Шрифт:
Интервал:
Закладка:
Мы поженились, как только закончился пост, сразу после Пасхальной октавы. Обильное цветение в марте предвещало чудесную весну, идеальное время для посева. Венчались практически тайком, не в Винчи и даже не в Сан-Панталео, а в Сан-Бартоломео-а-Стреда. Антонио появиться не смог, он плохо себя чувствовал, и монне Лючии тоже пришлось остаться с ним. Невесту к алтарю вел Франческо, младший брат сера Пьеро, он же выступил и свидетелем, а вторым стал Нанни ди Джан Джокондо, батрак из принадлежавшей Антонио половины поместья в Линари. Франческо был рад исполнить столь важное поручение, заявив, что уже вполне взрослый. Чтобы не привлекать внимания и не давать городку повода для слухов, Катерину, с ног до головы закутанную в длинный плащ и совершенно неузнаваемую, он привез на муле.

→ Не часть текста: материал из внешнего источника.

(* Let $b\in\mathcal S(\kappa,R,\lambda)$ with $\kappa>0$, $R,\lambda\ge0$. For $\varsigma\in\mathcal C([0,1],\mathbb R^n)$ with $\varsigma(0)=0$, $u\in L^\infty([0,1],\mathbb R^n)$ and $x_0\in\mathbb R^n$, let $x^{\varsigma,u}$ solve $x^{\varsigma,u}(t)=x_0+\int_0^tb(x^{\varsigma,u}(s))\,ds+\varsigma(t)+\int_0^tu(s)\,ds$, $t\in[0,1]$. Let $\eta<\frac12$ and $\bar R>0$. Then there is $M>0$ such that for each such $\varsigma$ and each $x_0\in\mathbb R^n$ there is a piecewise constant control $u\in L^\infty([0,1],\mathbb R^n)$ with $|u|_\infty+|\mathcal D_u|\le M$ such that $\mathrm{Leb}(\{t\in[0,1]:|x^{\varsigma,u}(t)|>\bar R\})\ge\eta$.
   Context: $\mathcal S(\kappa,R,\lambda)$ is the set of Lipschitz $b:\mathbb R^n\to\mathbb R^n$ with $\langle b(x)-b(y),x-y\rangle\le-\kappa|x-y|^2$ if $|x|,|y|\ge R$ and $\le\lambda|x-y|^2$ otherwise. For a piecewise constant $u:[0,1]\to\mathbb R^n$, $\mathcal D_u\subset[0,1]$ is its finite set of discontinuities and $|\mathcal D_u|$ its cardinality. *)

theory Defs
  imports "HOL-Analysis.Analysis"
begin

definition drift_class :: "real \<Rightarrow> real \<Rightarrow> real \<Rightarrow> (real^'n \<Rightarrow> real^'n) \<Rightarrow> bool" where
  "drift_class \<kappa> R lam b \<longleftrightarrow>
     (\<exists>C. C-lipschitz_on UNIV b) \<and>
     (\<forall>x y. (norm x \<ge> R \<and> norm y \<ge> R \<longrightarrow> (b x - b y) \<bullet> (x - y) \<le> - \<kappa> * (norm (x - y))\<^sup>2) \<and>
            (\<not> (norm x \<ge> R \<and> norm y \<ge> R) \<longrightarrow> (b x - b y) \<bullet> (x - y) \<le> lam * (norm (x - y))\<^sup>2))"

definition disc_set :: "(real \<Rightarrow> real^'n) \<Rightarrow> real set" where
  "disc_set u = {t \<in> {0..1}. \<not> continuous (at t within {0..1}) u}"

definition piecewise_const :: "(real \<Rightarrow> real^'n) \<Rightarrow> bool" where
  "piecewise_const u \<longleftrightarrow> finite (disc_set u) \<and>
     (\<forall>t \<in> {0..1} - disc_set u. \<exists>e>0. \<forall>s\<in>{0..1}. dist s t < e \<longrightarrow> u s = u t)"

definition solves :: "(real^'n \<Rightarrow> real^'n) \<Rightarrow> real^'n \<Rightarrow> (real \<Rightarrow> real^'n) \<Rightarrow> (real \<Rightarrow> real^'n)
    \<Rightarrow> (real \<Rightarrow> real^'n) \<Rightarrow> bool" where
  "solves b x0 \<sigma> u x \<longleftrightarrow> continuous_on {0..1} x \<and>
     (\<forall>t\<in>{0..1}. x t = x0 + integral {0..t} (\<lambda>s. b (x s)) + \<sigma> t + integral {0..t} u)"

end

theory Submission
  imports Defs
begin

text \<open>Take the two constant controls \<open>\<plusminus>u\<close> with \<open>|u| = M\<close> large. If the control \<open>u\<close> fails, fix a solution \<open>x\<^sub>1\<close> which stays in the
  ball of radius \<open>Rbar\<close> outside a set of measure \<open>< \<eta>\<close>, and let \<open>x\<^sub>2\<close> be any solution for \<open>-u\<close>.
  Their difference \<open>z\<close> satisfies \<open>z t - z s = 2(t - s) u + \<integral>\<^sub>s\<^sup>t (b(x\<^sub>1) - b(x\<^sub>2))\<close>, where the
  integrand is bounded by \<open>C |z|\<close>: \<open>z\<close> moves with velocity \<open>2u\<close> up to a perturbation proportional
  to its size. On a time window of length \<open>\<le> 1/(8C)\<close> this forces \<open>z\<close> to spend at most time
  \<open>O(Rbar/M)\<close> in the ball of radius \<open>2 Rbar\<close>; covering \<open>[0,1]\<close> by \<open>O(C)\<close> such windows,
  \<open>|z| > 2 Rbar\<close> outside a set of measure \<open>O((1 + C) Rbar/M) \<le> 1 - 2\<eta>\<close>. Wherever
  \<open>|z| > 2 Rbar\<close>, one of \<open>x\<^sub>1\<close>, \<open>x\<^sub>2\<close> leaves the ball of radius \<open>Rbar\<close>, so \<open>x\<^sub>2\<close> does so on a
  set of measure \<open>> \<eta>\<close>.\<close>

lemma closed_sublevel_on:
  fixes f :: "'a::topological_space \<Rightarrow> real"
  assumes "closed S" and "continuous_on S f"
  shows "closed {x\<in>S. f x \<le> c}"
proof -
  have "{x\<in>S. f x \<le> c} = S \<inter> f -` {..c}" by auto
  then show ?thesis using continuous_closed_preimage[OF assms(2,1) closed_atMost] by simp
qed

lemma sublevel_on_interval_lmeasurable:
  fixes f :: "real \<Rightarrow> real"
  assumes "continuous_on {a..b} f"
  shows "{t\<in>{a..b}. f t \<le> c} \<in> lmeasurable"
proof (rule lmeasurable_compact)
  have "bounded {t\<in>{a..b}. f t \<le> c}"
    by (rule bounded_subset[of "{a..b}"]) auto
  then show "compact {t\<in>{a..b}. f t \<le> c}"
    using closed_sublevel_on[OF closed_atLeastAtMost assms] by (simp add: compact_eq_bounded_closed)
qed

lemma superlevel_on_interval_lmeasurable:
  fixes f :: "real \<Rightarrow> real"
  assumes "continuous_on {a..b} f"
  shows "{t\<in>{a..b}. f t > c} \<in> lmeasurable"
proof -
  have "{t\<in>{a..b}. f t > c} = {a..b} - {t\<in>{a..b}. f t \<le> c}" by auto
  then show ?thesis
    using fmeasurable_Diff[OF _ fmeasurableD[OF sublevel_on_interval_lmeasurable[OF assms]]] by simp
qed

lemma unit_interval_subset_UN_subintervals:
  assumes "N > 0"
  shows "{0..1} \<subseteq> (\<Union>k<N. {real k / N .. real (Suc k) / N})"
proof
  fix t :: real assume t: "t \<in> {0..1}"
  define k where "k = min (N - 1) (nat \<lfloor>t * N\<rfloor>)"
  have "k < N" using assms by (simp add: k_def)
  moreover have "real k \<le> t * N"
  proof -
    have "real k \<le> real (nat \<lfloor>t * N\<rfloor>)" by (simp add: k_def)
    also have "\<dots> \<le> t * N" using t by simp
    finally show ?thesis .
  qed
  moreover have "t * N \<le> real (Suc k)"
  proof (cases "N - 1 \<le> nat \<lfloor>t * N\<rfloor>")
    case True
    then show ?thesis using t assms by (simp add: k_def of_nat_diff)
  next
    case False
    then show ?thesis by (simp add: k_def) linarith
  qed
  ultimately show "t \<in> (\<Union>k<N. {real k / N .. real (Suc k) / N})"
    using assms by (auto simp: field_simps)
qed

lemma measure_apart_le:
  fixes x1 x2 :: "real \<Rightarrow> 'a::real_normed_vector"
  assumes "continuous_on {0..1} x1" and "continuous_on {0..1} x2"
  shows "measure lebesgue {t\<in>{0..1}. norm (x1 t - x2 t) > R1 + R2}
    \<le> measure lebesgue {t\<in>{0..1}. norm (x1 t) > R1} + measure lebesgue {t\<in>{0..1}. norm (x2 t) > R2}"
proof -
  let ?D = "{t\<in>{0..1}. norm (x1 t - x2 t) > R1 + R2}"
  let ?G1 = "{t\<in>{0..1}. norm (x1 t) > R1}" and ?G2 = "{t\<in>{0..1}. norm (x2 t) > R2}"
  have G: "?G1 \<in> lmeasurable" "?G2 \<in> lmeasurable"
    by (rule superlevel_on_interval_lmeasurable[OF continuous_on_norm[OF assms(1)]],
        rule superlevel_on_interval_lmeasurable[OF continuous_on_norm[OF assms(2)]])
  have "?D \<in> lmeasurable"
    using assms by (intro superlevel_on_interval_lmeasurable continuous_on_norm continuous_on_diff)
  moreover have "?D \<subseteq> ?G1 \<union> ?G2"
  proof
    fix t assume "t \<in> ?D"
    then show "t \<in> ?G1 \<union> ?G2"
      using norm_triangle_ineq4[of "x1 t" "x2 t"] by auto
  qed
  ultimately have "measure lebesgue ?D \<le> measure lebesgue (?G1 \<union> ?G2)"
    using G by (intro measure_mono_fmeasurable) auto
  also have "\<dots> \<le> measure lebesgue ?G1 + measure lebesgue ?G2"
    using G by (intro measure_Un_le) auto
  finally show ?thesis .
qed

locale perturbed_linear_motion =
  fixes z :: "real \<Rightarrow> 'a::real_normed_vector" and w :: 'a and L :: real
  assumes continuous: "continuous_on {0..1} z"
    and L_nonneg: "0 \<le> L"
    and increment_bound: "\<And>s t r. 0 \<le> s \<Longrightarrow> s \<le> t \<Longrightarrow> t \<le> 1 \<Longrightarrow> \<forall>\<tau>\<in>{s..t}. norm (z \<tau>) \<le> r \<Longrightarrow>
      norm (z t - z s - (t - s) *\<^sub>R w) \<le> L * r * (t - s)"
begin

lemma sublevel_lmeasurable:
  assumes "0 \<le> a" "b \<le> 1"
  shows "{t\<in>{a..b}. norm (z t) \<le> \<rho>} \<in> lmeasurable"
  using assms
  by (intro sublevel_on_interval_lmeasurable continuous_on_norm continuous_on_subset[OF continuous]) auto

lemma short_window_norm_bound:
  assumes h: "8 * L * h \<le> 1" and \<rho>: "8 * L * \<rho> \<le> norm w"
    and st: "0 \<le> s" "s \<le> t" "t \<le> 1" "t - s \<le> h" and zs: "norm (z s) \<le> \<rho>"
  obtains m where "\<forall>\<sigma>\<in>{s..t}. norm (z \<sigma>) \<le> m" and "7 * (L * m) \<le> 2 * norm w"
proof -
  have "continuous_on {s..t} (\<lambda>\<sigma>. norm (z \<sigma>))"
    using st by (intro continuous_on_norm continuous_on_subset[OF continuous]) auto
  then obtain \<tau> where \<tau>: "\<tau> \<in> {s..t}" and max: "\<forall>\<sigma>\<in>{s..t}. norm (z \<sigma>) \<le> norm (z \<tau>)"
    using continuous_attains_sup[of "{s..t}" "\<lambda>\<sigma>. norm (z \<sigma>)"] st by auto
  define m where "m = norm (z \<tau>)"
  have Lm: "0 \<le> L * m" using L_nonneg by (simp add: m_def)
  have "norm (z \<tau> - z s - (\<tau> - s) *\<^sub>R w) \<le> L * m * (\<tau> - s)"
    using increment_bound[of s \<tau> m] \<tau> st max by (auto simp: m_def)
  then have "m \<le> \<rho> + (\<tau> - s) * norm w + L * m * (\<tau> - s)"
    using norm_triangle_ineq[of "z s + (\<tau> - s) *\<^sub>R w" "z \<tau> - z s - (\<tau> - s) *\<^sub>R w"]
      norm_triangle_ineq[of "z s" "(\<tau> - s) *\<^sub>R w"] zs \<tau> by (simp add: m_def)
  also have "\<dots> \<le> \<rho> + h * norm w + m / 8"
  proof -
    have "(\<tau> - s) * norm w \<le> h * norm w" using \<tau> st by (intro mult_right_mono) auto
    moreover have "L * m * (\<tau> - s) \<le> L * m * h" using \<tau> st Lm by (intro mult_left_mono) auto
    moreover have "m * (L * h) \<le> m * (1 / 8)" using h by (intro mult_left_mono) (auto simp: m_def)
    ultimately show ?thesis by (simp add: algebra_simps)
  qed
  finally have "7 * m \<le> 8 * \<rho> + 8 * h * norm w" by simp
  then have "7 * (L * m) \<le> 8 * L * \<rho> + 8 * L * h * norm w"
    using mult_left_mono[OF _ L_nonneg] by (fastforce simp: algebra_simps)
  also have "\<dots> \<le> 2 * norm w"
    using \<rho> mult_right_mono[OF h norm_ge_zero[of w]] by simp
  finally show thesis using that max unfolding m_def by blast
qed

text \<open>On a short window the perturbation \<open>L |z|\<close> is at most \<open>2/7\<close> of the drift \<open>|w|\<close>,
  so \<open>|z t - z s| \<ge> 5/7 |w| (t - s)\<close>.\<close>

lemma ball_visits_close:
  assumes h: "8 * L * h \<le> 1" and \<rho>: "8 * L * \<rho> \<le> norm w"
    and st: "0 \<le> s" "s \<le> t" "t \<le> 1" "t - s \<le> h"
    and zs: "norm (z s) \<le> \<rho>" and zt: "norm (z t) \<le> \<rho>"
  shows "norm w * (t - s) \<le> 4 * \<rho>"
proof -
  obtain m where max: "\<forall>\<sigma>\<in>{s..t}. norm (z \<sigma>) \<le> m" and Lm: "7 * (L * m) \<le> 2 * norm w"
    using short_window_norm_bound[OF h \<rho> st zs] .
  have "7 * (L * m * (t - s)) \<le> 2 * norm w * (t - s)"
    using st mult_right_mono[OF Lm, of "t - s"] by (simp add: algebra_simps)
  moreover have "norm (z t - z s - (t - s) *\<^sub>R w) \<le> L * m * (t - s)"
    using increment_bound[OF st(1-3) max] .
  moreover have "(t - s) * norm w \<le> norm (z t - z s) + norm (z t - z s - (t - s) *\<^sub>R w)"
    using norm_triangle_ineq3[of "(t - s) *\<^sub>R w" "z t - z s"] st by (simp add: norm_minus_commute)
  moreover have "norm (z t - z s) \<le> 2 * \<rho>"
    using norm_triangle_ineq4[of "z t" "z s"] zs zt by simp
  ultimately have "5 * (norm w * (t - s)) \<le> 14 * \<rho>" by (simp add: algebra_simps)
  then show ?thesis using zs norm_ge_zero[of "z s"] by linarith
qed

lemma measure_ball_visits_short_interval:
  assumes h: "8 * L * h \<le> 1" and \<rho>: "8 * L * \<rho> \<le> norm w" "0 \<le> \<rho>" and "w \<noteq> 0"
    and ab: "0 \<le> a" "b \<le> 1" "b - a \<le> h"
  shows "measure lebesgue {t\<in>{a..b}. norm (z t) \<le> \<rho>} \<le> 8 * \<rho> / norm w"
proof (cases "{t\<in>{a..b}. norm (z t) \<le> \<rho>} = {}")
  case True
  then have "measure lebesgue {t\<in>{a..b}. norm (z t) \<le> \<rho>} = 0" by (simp only: measure_empty)
  then show ?thesis using \<rho> by simp
next
  case False
  let ?T = "{t\<in>{a..b}. norm (z t) \<le> \<rho>}"
  let ?r = "4 * \<rho> / norm w"
  obtain t0 where t0: "t0 \<in> ?T" using False by blast
  have close: "norm w * \<bar>t - t'\<bar> \<le> 4 * \<rho>" if "t \<in> ?T" "t' \<in> ?T" for t t'
    using ball_visits_close[OF h \<rho>(1)] that ab
    by (cases "t' \<le> t") (auto simp: abs_if)
  have "?T \<subseteq> {t0 - ?r .. t0 + ?r}"
  proof
    fix t assume "t \<in> ?T"
    from close[OF this t0] have "norm w * \<bar>t - t0\<bar> \<le> 4 * \<rho>" .
    then have "\<bar>t - t0\<bar> \<le> ?r" using \<open>w \<noteq> 0\<close> by (simp add: field_simps)
    then show "t \<in> {t0 - ?r .. t0 + ?r}" by auto
  qed
  moreover have "?T \<in> lmeasurable" using ab(1,2) by (rule sublevel_lmeasurable)
  ultimately have "measure lebesgue ?T \<le> measure lebesgue {t0 - ?r .. t0 + ?r}"
    by (intro measure_mono_fmeasurable) auto
  also have "\<dots> = 8 * \<rho> / norm w" using \<rho>(2) by simp
  finally show ?thesis .
qed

Внутри этого свертка нашлось место и для ее туго спеленатого сына. Накануне, нагрузив до отказа тележку, запряженную все тем же мулом, Франческо уже успел сходить туда-обратно из Винчи в Меркатале, чтобы отвезти в наш домик при печи, который я как мог отремонтировал, немногие пожитки Катерины: высокую кровать орехового дерева и сундук с двумя замками, а в нем тоненький матрас, пара простыней, одеяло, отрез темно-красной ткани, юбка, поддева, чулки и полотенца. Монна Лючия приготовила еще корзинку, свадебный подарок из Баккерето: кувшин с изображением святой Екатерины и две кружки, обожженные в печи в Тойе.
В тот день я пришел к церкви пораньше. Франческо обещал, что они подъедут позже, когда дороги опустеют, я же был там с часа шестого, один, у дверей, запертых отошедшим пообедать ризничим. Чисто выбритый, одетый чуть лучше обычного, в куртке, одолженной у Нанни, я присел на камень под раскидистым деревом на церковном дворе, укрывшись и от солнца, и от недвижного взгляда огромного окулюса на безыскусном фасаде. До чего красиво там, на кряже, среди полей и виноградников, над которыми высится знакомый профиль нашей горы, а внизу, в долине, бодро вращая мельничное колесо, несет свои воды Стреда. Я так и сидел один, когда дверь распахнулась. Я вошел в церковь, непритязательную, пустую, и преклонил колени перед грубо вырубленной статуей бородатого святого Варфоломея, строго глядевшего на меня, держа в левой руке книгу, а в правой – нож.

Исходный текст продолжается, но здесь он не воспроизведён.